O’Brien is loyal too, but her penchant for scheming seems to have gotten the best of her.  She sent a letter to Vera Bates (who is the worst, but only second to Richard Carlyle) telling her about John’s whereabouts, which she instantly regrets after realizing Vera’s plan to drag the Crawley name through the mud.  In one of their patented secret stairwell chats, O’Brien says “I’ll not be standing by while she brings misery and ruin down on my lady.”  To which Thomas replies, incredulously (well, as incredulous as a person can be with smirk still on their face) “You started it!”

But the worst is still coming.  William wants Daisy to marry him before he goes.  Daisy will be a war widow, with a pension, and he’ll know that she’ll be taken care of and she know’s that leading him on will always be on her conscience.  With Daisy dressed in her Sunday best and William immobile in his hospital bed, they are married.  The biggest room that William is ever going to sleep in is decked out with garlands of beautiful flowers fit for both a wedding and funeral.  And Daisy stays by his side until he doesn’t need her or anyone anymore.

The ceremony is performed by the vicar, who Violet awesomely strong-arms into doing it.  He has some doubts about Daisy and William’s motivations, but Violet tells him to suck it up and work around them, because the only reason why he can afford to have scruples is because Robert pays him.  “I tried and failed to save him from conscription, and I will certainly attend his wedding.”  You don’t mess with the Dowager Countess, even if she can’t figure out how to use the telephone.

A little Downton levity.

But the hits just keep on coming, and they are devastating.  In spite of William’s sacrifice, Matthew’s spine is permanently damaged.  Though he may regain most of his health, Clarkson’s prognosis is that he will never walk again.  And he will never be able to have children.  The most heartbreaking scene of the series thus far, was Mary valiantly trying to soft-pedal the truth and Matthew’s look of utter self-loathing and resignation through his tears as he worked out what his life would be like now.

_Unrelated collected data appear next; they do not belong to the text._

lemma delta_Id_eq_Id_iff: "i \<in> Sig N \<Longrightarrow> j \<in> Sig N \<Longrightarrow> \<delta> Id (i, j) = Id \<longleftrightarrow> i = j"
  using triangle unfolding triangle_automaton_def Let_def by blast

lemma delta_Id_S_swap:
  "i \<in> Sig N \<Longrightarrow> j \<in> Sig N \<Longrightarrow> \<delta> Id (i, j) = S u v \<Longrightarrow> \<delta> Id (j, i) = S v u"
  using triangle unfolding triangle_automaton_def Let_def by blast

lemma delta_S:
  assumes "S u v \<in> states" "i \<in> Sig N" "j \<in> Sig N"
  shows "\<delta> (S u v) (i, j) = (if (i, j) = (v, u) then S u v else Exit)"
proof -
  have "u \<in> {\<alpha>, \<beta>, \<gamma>}" "v \<in> {\<alpha>, \<beta>, \<gamma>}" "u \<noteq> v"
    using assms(1) by simp_all
  then show ?thesis
    using triangle assms(2,3) unfolding triangle_automaton_def Let_def by blast
qed

lemma delta_Exit: "i \<in> Sig N \<Longrightarrow> j \<in> Sig N \<Longrightarrow> \<delta> Exit (i, j) = Exit"
  using triangle unfolding triangle_automaton_def Let_def by blast

lemma delta_S_neq_ExitD:
  assumes "S u v \<in> states" "i \<in> Sig N" "j \<in> Sig N" "\<delta> (S u v) (i, j) \<noteq> Exit"
  shows "i = v" "j = u" "\<delta> (S u v) (i, j) = S u v"
  using assms delta_S[OF assms(1-3)] by (simp_all split: if_splits)

lemma tri_swap: "tri N \<delta> u v i j \<longleftrightarrow> tri N \<delta> v u j i"
  unfolding tri_def using delta_Id_S_swap by blast

lemma delta_Id_swap:
  assumes "i \<in> Sig N" "j \<in> Sig N"
  shows "\<delta> Id (j, i) = swap_state (\<delta> Id (i, j))"
proof (cases "\<delta> Id (i, j)")
  case Id
  then have "i = j" using delta_Id_eq_Id_iff[OF assms] by simp
  then show ?thesis using Id by simp
next
  case (S u v)
  then show ?thesis using delta_Id_S_swap[OF assms S] by simp
next
  case Exit
  have "\<delta> Id (j, i) \<noteq> Id"
    using Exit delta_Id_eq_Id_iff[OF assms] delta_Id_eq_Id_iff[OF assms(2,1)] by auto
  moreover have "\<delta> Id (j, i) \<noteq> S u v" for u v
    using Exit delta_Id_S_swap[OF assms(2,1), of u v] by auto
  ultimately show ?thesis
    using Exit by (cases "\<delta> Id (j, i)") auto
qed

lemma delta_swap:
  assumes "q \<in> states" "i \<in> Sig N" "j \<in> Sig N"
  shows "\<delta> (swap_state q) (j, i) = swap_state (\<delta> q (i, j))"
proof (cases q)
  case Id
  then show ?thesis using delta_Id_swap[OF assms(2,3)] by simp
next
  case Exit
  then show ?thesis using delta_Exit[OF assms(2,3)] delta_Exit[OF assms(3,2)] by simp
next
  case (S u v)
  moreover have "S v u \<in> states" using assms(1) S by auto
  ultimately show ?thesis using assms by (simp add: delta_S)
qed

lemma itin_in_states:
  assumes "is_word N x" "is_word N y"
  shows "itin \<delta> x y k \<in> states"
proof (induction k)
  case (Suc k)
  then show ?case using assms delta_in_states by (simp add: is_word_def)
qed simp

lemma itin_diag: "is_word N x \<Longrightarrow> itin \<delta> x x k = Id"
  by (induction k) (simp_all add: is_word_def delta_Id_eq_Id_iff)

lemma itin_swap:
  assumes "is_word N x" "is_word N y"
  shows "itin \<delta> y x k = swap_state (itin \<delta> x y k)"
proof (induction k)
  case (Suc k)
  have "x k \<in> Sig N" "y k \<in> Sig N" using assms by (simp_all add: is_word_def)
  from delta_swap[OF itin_in_states[OF assms] this, of k]
  show ?case by (simp add: Suc)
qed simp

lemma itin_S_Suc_neq_ExitD:
  assumes "is_word N x" "is_word N y" "itin \<delta> x y k = S u v" "itin \<delta> x y (Suc k) \<noteq> Exit"
  shows "x k = v" "y k = u"
proof -
  have "S u v \<in> states" "x k \<in> Sig N" "y k \<in> Sig N"
    using assms itin_in_states[OF assms(1,2), of k] by (simp_all add: is_word_def)
  moreover have "\<delta> (S u v) (x k, y k) \<noteq> Exit"
    using assms(3,4) by simp
  ultimately show "x k = v" "y k = u"
    by (rule delta_S_neq_ExitD)+
qed

lemma rho_diag: "is_word N x \<Longrightarrow> rho \<delta> \<xi> x x = 0"
  by (simp add: rho_def itin_diag)

lemma rho_swap:
  assumes "is_word N x" "is_word N y"
  shows "rho \<delta> \<xi> y x = rho \<delta> \<xi> x y"
  using itin_swap[OF assms] by (intro rho_cong) simp

end

locale gasket =
  fixes N :: nat and \<alpha> \<beta> \<gamma> :: int and \<delta> :: "state \<Rightarrow> int \<times> int \<Rightarrow> state"
  assumes gasket: "gasket_automaton N \<alpha> \<beta> \<gamma> \<delta>"

sublocale gasket \<subseteq> triangle
proof (rule triangle.intro)
  show "triangle_automaton N \<alpha> \<beta> \<gamma> \<delta>"
    using gasket unfolding gasket_automaton_def by (rule conjunct1)
qed

context gasket
begin

lemma uniqueness:
  "\<forall>u\<in>{\<alpha>, \<beta>, \<gamma>}. \<forall>v\<in>{\<alpha>, \<beta>, \<gamma>}. u \<noteq> v \<longrightarrow>
     (\<forall>i j j'. tri N \<delta> u v i j \<and> tri N \<delta> u v i j' \<longrightarrow> j = j')"
  using gasket unfolding gasket_automaton_def by (elim conjE)

lemma gathering:
  "\<forall>a\<in>Sig N. \<forall>b\<in>Sig N. \<forall>c\<in>Sig N.
     (tri N \<delta> \<alpha> \<gamma> a c \<and> tri N \<delta> \<beta> \<gamma> a b \<longrightarrow> tri N \<delta> \<alpha> \<beta> b c) \<and>
     (tri N \<delta> \<alpha> \<gamma> a c \<and> tri N \<delta> \<alpha> \<beta> b c \<longrightarrow> tri N \<delta> \<beta> \<gamma> a b) \<and>
     (tri N \<delta> \<beta> \<gamma> a b \<and> tri N \<delta> \<alpha> \<beta> b c \<longrightarrow> tri N \<delta> \<alpha> \<gamma> a c)"
  using gasket unfolding gasket_automaton_def by (elim conjE)

lemma boundary:
  "(\<alpha> \<in> Sig N \<longrightarrow> uv_minimal N \<delta> \<alpha> \<gamma> \<alpha> \<and> uv_minimal N \<delta> \<alpha> \<beta> \<alpha>) \<and>
   (\<beta> \<in> Sig N \<longrightarrow> uv_minimal N \<delta> \<beta> \<gamma> \<beta> \<and> uv_minimal N \<delta> \<beta> \<alpha> \<beta>) \<and>
   (\<gamma> \<in> Sig N \<longrightarrow> uv_minimal N \<delta> \<gamma> \<alpha> \<gamma> \<and> uv_minimal N \<delta> \<gamma> \<beta> \<gamma>)"
  using gasket unfolding gasket_automaton_def by (elim conjE) (intro conjI)

lemma delta_Id_unique:
  assumes "S u v \<in> states" "i \<in> Sig N" "j \<in> Sig N" "j' \<in> Sig N"
    and "\<delta> Id (i, j) = S u v" "\<delta> Id (i, j') = S u v"
  shows "j = j'"
proof -
  have "tri N \<delta> u v i j" "tri N \<delta> u v i j'"
    using assms by (simp_all add: tri_def)
  moreover have "u \<in> {\<alpha>, \<beta>, \<gamma>}" "v \<in> {\<alpha>, \<beta>, \<gamma>}" "u \<noteq> v"
    using assms(1) by simp_all
  ultimately show ?thesis
    using uniqueness by blast
qed

lemma vertex_pair_cases:
  assumes "S u v \<in> states"
  obtains "u = \<alpha>" "v = \<beta>" | "u = \<alpha>" "v = \<gamma>" | "u = \<beta>" "v = \<alpha>"
    | "u = \<beta>" "v = \<gamma>" | "u = \<gamma>" "v = \<alpha>" | "u = \<gamma>" "v = \<beta>"
  using assms by auto

lemma delta_Id_boundary:
  assumes "S u v \<in> states" "u \<in> Sig N" "i \<in> Sig N"
  shows "\<delta> Id (i, u) \<noteq> S u v"
proof -
  have "uv_minimal N \<delta> u v u"
    using assms(1) by (cases rule: vertex_pair_cases) (use boundary assms(2) in simp_all)
  then show ?thesis
    using assms(2,3) by (simp add: uv_minimal_def tri_def)
qed
(* Let $D=(V,E;s,t)$, $N$, $\mathscr{B}$ be as in the context, let $x\in\mathcal{C}(\widetilde\Gamma_D)$ and let $\phi_x$ be its potential. Then (i) for every $s$-$t$ path $P$, $x(N\cap P)=1+\sum_{(u,v)\in J_P}\big(\phi_x(u)-\phi_x(v)\big)$; (ii) for every cycle $C$, $x(N\cap C)=\sum_{(u,v)\in J_C}\big(\phi_x(u)-\phi_x(v)\big)$.
   Context: $D=(V,E;s,t)$ is a directed network with unit arc capacities (parallel arcs allowed); $N\subseteq E$ is the set of private arcs (players), $M=E\setminus N$ public arcs; every $s$-$t$ path contains an arc of $N$ and every arc lies on some $s$-$t$ path. A path is a set of arcs joining a sequence of distinct vertices along the same direction. Two paths are disjoint on $N$ if they share no arc of $N$; $\sigma_N$ is the maximum number of $s$-$t$ paths pairwise disjoint on $N$. For $S\subseteq N$, $\gamma(S)$ is the maximum number of pairwise arc-disjoint $s$-$t$ paths in $D_S=(V,S\cup M;s,t)$. Auxiliary game $\widetilde\Gamma_D=(N,\tilde\gamma)$: $\tilde\gamma(N)=\sigma_N$, $\tilde\gamma(S)=\gamma(S)$ for $S\subsetneq N$; core $\mathcal{C}(\widetilde\Gamma_D)=\{x\in\mathbb{R}^N_{\ge0}:x(N)=\sigma_N,\ x(S)\ge\tilde\gamma(S)\ \forall S\subseteq N\}$ with $x(S)=\sum_{i\in S}x_i$. Potential: $\phi_x(v)$ is the length of a shortest $s$-$v$ path when arcs $e\in N$ have length $x(e)$ and public arcs length $0$. Fix a maximum family $\mathscr{B}$ of $s$-$t$ paths pairwise disjoint on $N$; a $\mathscr{B}$-vertex is a vertex on a path of $\mathscr{B}$. A $u$-$v$ jump is a $u$-$v$ path whose end vertices are $\mathscr{B}$-vertices, with no intermediate $\mathscr{B}$-vertex, and which is not a single arc of a path of $\mathscr{B}$; $(u,v)$ is its jump pair. For an $s$-$t$ path or cycle $W$, cut $W$ at each of its $\mathscr{B}$-vertices into consecutive pieces (each going from a $\mathscr{B}$-vertex $u$ to the next $\mathscr{B}$-vertex $v$ along $W$); $J_W$ is the set of pairs $(u,v)$ of those pieces that are jumps, i.e. $W=P_0*Q_1*P_1*\cdots*Q_r*P_r$ with $P_i$ (possibly empty) subpaths of paths of $\mathscr{B}$, $Q_i$ jumps, and $J_W$ the jump pairs of $Q_1,\dots,Q_r$ ($J_W=\emptyset$ if $W$ is a cycle without $\mathscr{B}$-vertices). *)

theory Defs
  imports Complex_Main
begin

text \<open>A directed multigraph is given by a set of arcs E (of type 'e) together with
  tail / head maps src, dst :: 'e => 'v.  Paths and cycles are lists of arcs.\<close>

fun walk :: "'e set \<Rightarrow> ('e \<Rightarrow> 'v) \<Rightarrow> ('e \<Rightarrow> 'v) \<Rightarrow> 'v \<Rightarrow> 'e list \<Rightarrow> 'v \<Rightarrow> bool" where
  "walk E src dst u [] v = (u = v)"
| "walk E src dst u (e # es) v = (e \<in> E \<and> src e = u \<and> walk E src dst (dst e) es v)"

definition is_path :: "'e set \<Rightarrow> ('e \<Rightarrow> 'v) \<Rightarrow> ('e \<Rightarrow> 'v) \<Rightarrow> 'v \<Rightarrow> 'e list \<Rightarrow> 'v \<Rightarrow> bool" where
  "is_path E src dst u P v \<longleftrightarrow> walk E src dst u P v \<and> distinct (u # map dst P)"

definition st_paths :: "'e set \<Rightarrow> ('e \<Rightarrow> 'v) \<Rightarrow> ('e \<Rightarrow> 'v) \<Rightarrow> 'v \<Rightarrow> 'v \<Rightarrow> 'e list set" where
  "st_paths E src dst s t = {P. is_path E src dst s P t}"

definition is_cycle :: "'e set \<Rightarrow> ('e \<Rightarrow> 'v) \<Rightarrow> ('e \<Rightarrow> 'v) \<Rightarrow> 'e list \<Rightarrow> bool" where
  "is_cycle E src dst C \<longleftrightarrow> C \<noteq> [] \<and> walk E src dst (src (hd C)) C (src (hd C)) \<and> distinct (map dst C)"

Mary is perhaps the character that has changed the most this season.  She comforts poor Lavinia without agenda because Matthew has set her free, telling her “I won’t steal away your life.”   And in an act that is an even further blow to a pride that was once legendary, she goes to Sir Richard to try and put a gag on Vera, and it’s terrible.  In case we weren’t completely sure at the start of the season, now we know.  Richard is a sketchy jerk with a disgusting sense of entitlement.

Mary, admirably, owns up to the mistake.  And Richard agrees to fix it, but it comes with a price.  In his mind, since Mary “sullied” herself, they would enter into a marriage agreement as equals.  And he plans to hold it over her head for the rest of their lives.  “As my future wife, you’re entitled to be in my debt.”  Seriously Mary, run.  Run as far and as fast as you can.  Vera is tricked into giving up the story and could be thrown in jail if she breathes a word of it, and Richard prints the engagement announcement posthaste.

I almost made it through the episode without crying, but once Isobel walked into that grand old room to see her Matthew lying there, I started to tear up.  This was definitely the turning point and it will be interesting to see how Fellowes and company negotiate, as Mary said “the start of a different life” for this family.